Extract, from the listing that follows, each line containing the word "subseteq".

BEGIN Data extracts

lemma kernel_sections:
  assumes "x \<in> \<Omega>"
  shows "Cq \<Omega> q (\<lambda>z. k (x, z))" "pds_bounded \<Omega> q (\<lambda>z. k (x, z)) Mk"
    and "Cq \<Omega> q (\<lambda>z. k (z, x))" "pds_bounded \<Omega> q (\<lambda>z. k (z, x)) Mk"
proof -
  have L: "(\<lambda>b. (0, b)) ` Basis \<subseteq> (Basis :: ('a \<times> 'a) set)"
    "(\<lambda>b. (b, 0)) ` Basis \<subseteq> (Basis :: ('a \<times> 'a) set)"
    by (auto simp: Basis_prod_def)
  have p: "(\<lambda>z. (x, z)) ` \<Omega> \<subseteq> \<Omega> \<times> \<Omega>" "(\<lambda>z. (z, x)) ` \<Omega> \<subseteq> \<Omega> \<times> \<Omega>" using assms by auto
  have line: "(x, z + t *\<^sub>R b) = (x, z) + t *\<^sub>R (0, b)" "(z + t *\<^sub>R b, x) = (z, x) + t *\<^sub>R (b, 0)"
    for z b :: 'a and t :: real
    by simp_all
  have cont: "continuous_on (closure \<Omega>) (\<lambda>z. (x, z))" "continuous_on (closure \<Omega>) (\<lambda>z. (z, x))"
    by (intro continuous_intros)+
  show "Cq \<Omega> q (\<lambda>z. k (x, z))"
    by (rule Cq_compose_affine[OF open_dom line(1) p(1) cont(1) L(1) kernel_Cq])
  show "pds_bounded \<Omega> q (\<lambda>z. k (x, z)) Mk"
    by (rule pds_bounded_compose_affine[OF open_dom line(1) p(1) L(1) kernel_Cq kernel_pds_bounded])
  show "Cq \<Omega> q (\<lambda>z. k (z, x))"
    by (rule Cq_compose_affine[OF open_dom line(2) p(2) cont(2) L(2) kernel_Cq])
  show "pds_bounded \<Omega> q (\<lambda>z. k (z, x)) Mk"
    by (rule pds_bounded_compose_affine[OF open_dom line(2) p(2) L(2) kernel_Cq kernel_pds_bounded])
qed

definition kernel_quad_error :: "nat \<Rightarrow> (nat \<Rightarrow> 'a) \<Rightarrow> (nat \<Rightarrow> real) \<Rightarrow> 'a \<Rightarrow> 'a \<Rightarrow> real" where
  "kernel_quad_error n yy ww x y =
     integral \<Omega> (\<lambda>z. k (x, z) * k (z, y)) - (\<Sum>i<n. ww i * (k (x, yy i) * k (yy i, y)))"

definition nys_interp :: "nat \<Rightarrow> (nat \<Rightarrow> 'a) \<Rightarrow> (nat \<Rightarrow> real) \<Rightarrow> (nat \<Rightarrow> real) \<Rightarrow> 'a \<Rightarrow> real" where
  "nys_interp n yy ww v x = (\<Sum>j<n. ww j * k (x, yy j) * v j)"

lemma continuous_on_nys_interp:
  "\<forall>i<n. yy i \<in> closure \<Omega> \<Longrightarrow> continuous_on (closure \<Omega>) (nys_interp n yy ww v)"
  unfolding nys_interp_def
  by (intro continuous_intros continuous_on_compose2[OF kernel_continuous]) auto

lemma continuous_on_kernel_quad_error:
  assumes "\<forall>i<n. yy i \<in> closure \<Omega>"
  shows "continuous_on (closure \<Omega> \<times> closure \<Omega>) (\<lambda>(x, y). kernel_quad_error n yy ww x y)"
proof -
  have "continuous_on ((closure \<Omega> \<times> closure \<Omega>) \<times> closure \<Omega>) (\<lambda>(p, z). k (fst p, z) * k (z, snd p))"
    unfolding case_prod_beta'
    by (intro continuous_on_mult continuous_on_compose2[OF kernel_continuous] continuous_intros) auto
  from continuous_on_integral_param[OF bounded_dom open_dom this]
  have "continuous_on (closure \<Omega> \<times> closure \<Omega>) (\<lambda>p. integral \<Omega> (\<lambda>z. k (fst p, z) * k (z, snd p)))"
    by simp
  moreover have "continuous_on (closure \<Omega> \<times> closure \<Omega>)
      (\<lambda>p. \<Sum>i<n. ww i * (k (fst p, yy i) * k (yy i, snd p)))"
    using assms by (intro continuous_intros continuous_on_compose2[OF kernel_continuous]) auto
  ultimately show ?thesis
    unfolding kernel_quad_error_def case_prod_beta' by (rule continuous_on_diff)
qed
(* Let $I$ be a countable index set with nested finite subsets $I_1\subset I_2\subset\cdots$, $\bigcup_nI_n=I$, let $W$ be a compact Hausdorff space, and let $m:X^{\mathbb{R}}\to C^*(W)$ be a minimal sequence measure function. Then for every real-valued continuous function $f\in C^*(W)$ and every $\varepsilon>0$ there exists $\mathbf{x}\in X^{\mathbb{R}}$ with $\|m(\mathbf{x})-f\|_\infty<\varepsilon$.
   Context: Frame compatible sequences: nonnegative real $\mathbf{x}$ with $0\le x_1\le|I_1|$, $0\le x_i-x_{i-1}\le|I_i\setminus I_{i-1}|$ ($i\ge2$); $X$ their set, $X^+=\{c\mathbf{x}:\mathbf{x}\in X,c\ge0\}$, $X^{\mathbb{R}}=\{\mathbf{x}^1-\mathbf{x}^2:\mathbf{x}^j\in X^+\}$. $\mathbf{x}\approx\mathbf{y}$ iff $\lim_n(x_n-y_n)/|I_n|=0$; for nonnegative sequences $\mathbf{y}\leqq\mathbf{x}$ iff $\liminf_n(x_n-y_n)/|I_n|\ge0$. For a compact Hausdorff $V$, $C^*(V)$ denotes real continuous functions on $V$. A sequence measure function is a linear map $m:X^{\mathbb{R}}\to C^*(V)$ with $m(\mathbf{x})=m(\mathbf{y})\iff\mathbf{x}\approx\mathbf{y}$ for $\mathbf{x},\mathbf{y}\in X^{\mathbb{R}}$, $m(\mathbf{x})\le m(\mathbf{y})$ pointwise $\iff\mathbf{x}\leqq\mathbf{y}$ for $\mathbf{x},\mathbf{y}\in X^+$, and $m((|I_1|,|I_2|,\dots))=1$. Such $m:X^{\mathbb{R}}\to C^*(W)$ is separable if for all $v\ne w$ in $W$ there is $\mathbf{x}\in X^{\mathbb{R}}$ with $m(\mathbf{x})(v)\ne m(\mathbf{x})(w)$; reducible if there is a compact $V\subsetneq W$ such that $\mathbf{x}\mapsto m(\mathbf{x})|_V$ is a sequence measure function $X^{\mathbb{R}}\to C^*(V)$; irreducible if not reducible; minimal if separable and irreducible. *)

theory Defs
  imports "HOL-Analysis.Analysis"
begin

text \<open>Sequences are indexed from 0: x 0 stands for x_1, I 0 for I_1, etc.\<close>

definition frame_compatible :: "(nat \<Rightarrow> 'a set) \<Rightarrow> (nat \<Rightarrow> real) \<Rightarrow> bool" where
  "frame_compatible I x \<longleftrightarrow>
     (\<forall>n. 0 \<le> x n) \<and>
     0 \<le> x 0 \<and> x 0 \<le> real (card (I 0)) \<and>
     (\<forall>n. 0 \<le> x (Suc n) - x n \<and> x (Suc n) - x n \<le> real (card (I (Suc n) - I n)))"

definition Xset :: "(nat \<Rightarrow> 'a set) \<Rightarrow> (nat \<Rightarrow> real) set" where
  "Xset I = {x. frame_compatible I x}"

definition Xplus :: "(nat \<Rightarrow> 'a set) \<Rightarrow> (nat \<Rightarrow> real) set" where
  "Xplus I = {(\<lambda>n. c * x n) | c x. c \<ge> 0 \<and> x \<in> Xset I}"

definition XR :: "(nat \<Rightarrow> 'a set) \<Rightarrow> (nat \<Rightarrow> real) set" where
  "XR I = {(\<lambda>n. x1 n - x2 n) | x1 x2. x1 \<in> Xplus I \<and> x2 \<in> Xplus I}"

definition seq_approx :: "(nat \<Rightarrow> 'a set) \<Rightarrow> (nat \<Rightarrow> real) \<Rightarrow> (nat \<Rightarrow> real) \<Rightarrow> bool" where
  "seq_approx I x y \<longleftrightarrow> (\<lambda>n. (x n - y n) / real (card (I n))) \<longlonglongrightarrow> 0"

definition seq_leqq :: "(nat \<Rightarrow> 'a set) \<Rightarrow> (nat \<Rightarrow> real) \<Rightarrow> (nat \<Rightarrow> real) \<Rightarrow> bool" where
  "seq_leqq I y x \<longleftrightarrow> liminf (\<lambda>n. ereal ((x n - y n) / real (card (I n)))) \<ge> 0"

END Data extracts

Expected output.
  have L: "(\<lambda>b. (0, b)) ` Basis \<subseteq> (Basis :: ('a \<times> 'a) set)"
    "(\<lambda>b. (b, 0)) ` Basis \<subseteq> (Basis :: ('a \<times> 'a) set)"
  have p: "(\<lambda>z. (x, z)) ` \<Omega> \<subseteq> \<Omega> \<times> \<Omega>" "(\<lambda>z. (z, x)) ` \<Omega> \<subseteq> \<Omega> \<times> \<Omega>" using assms by auto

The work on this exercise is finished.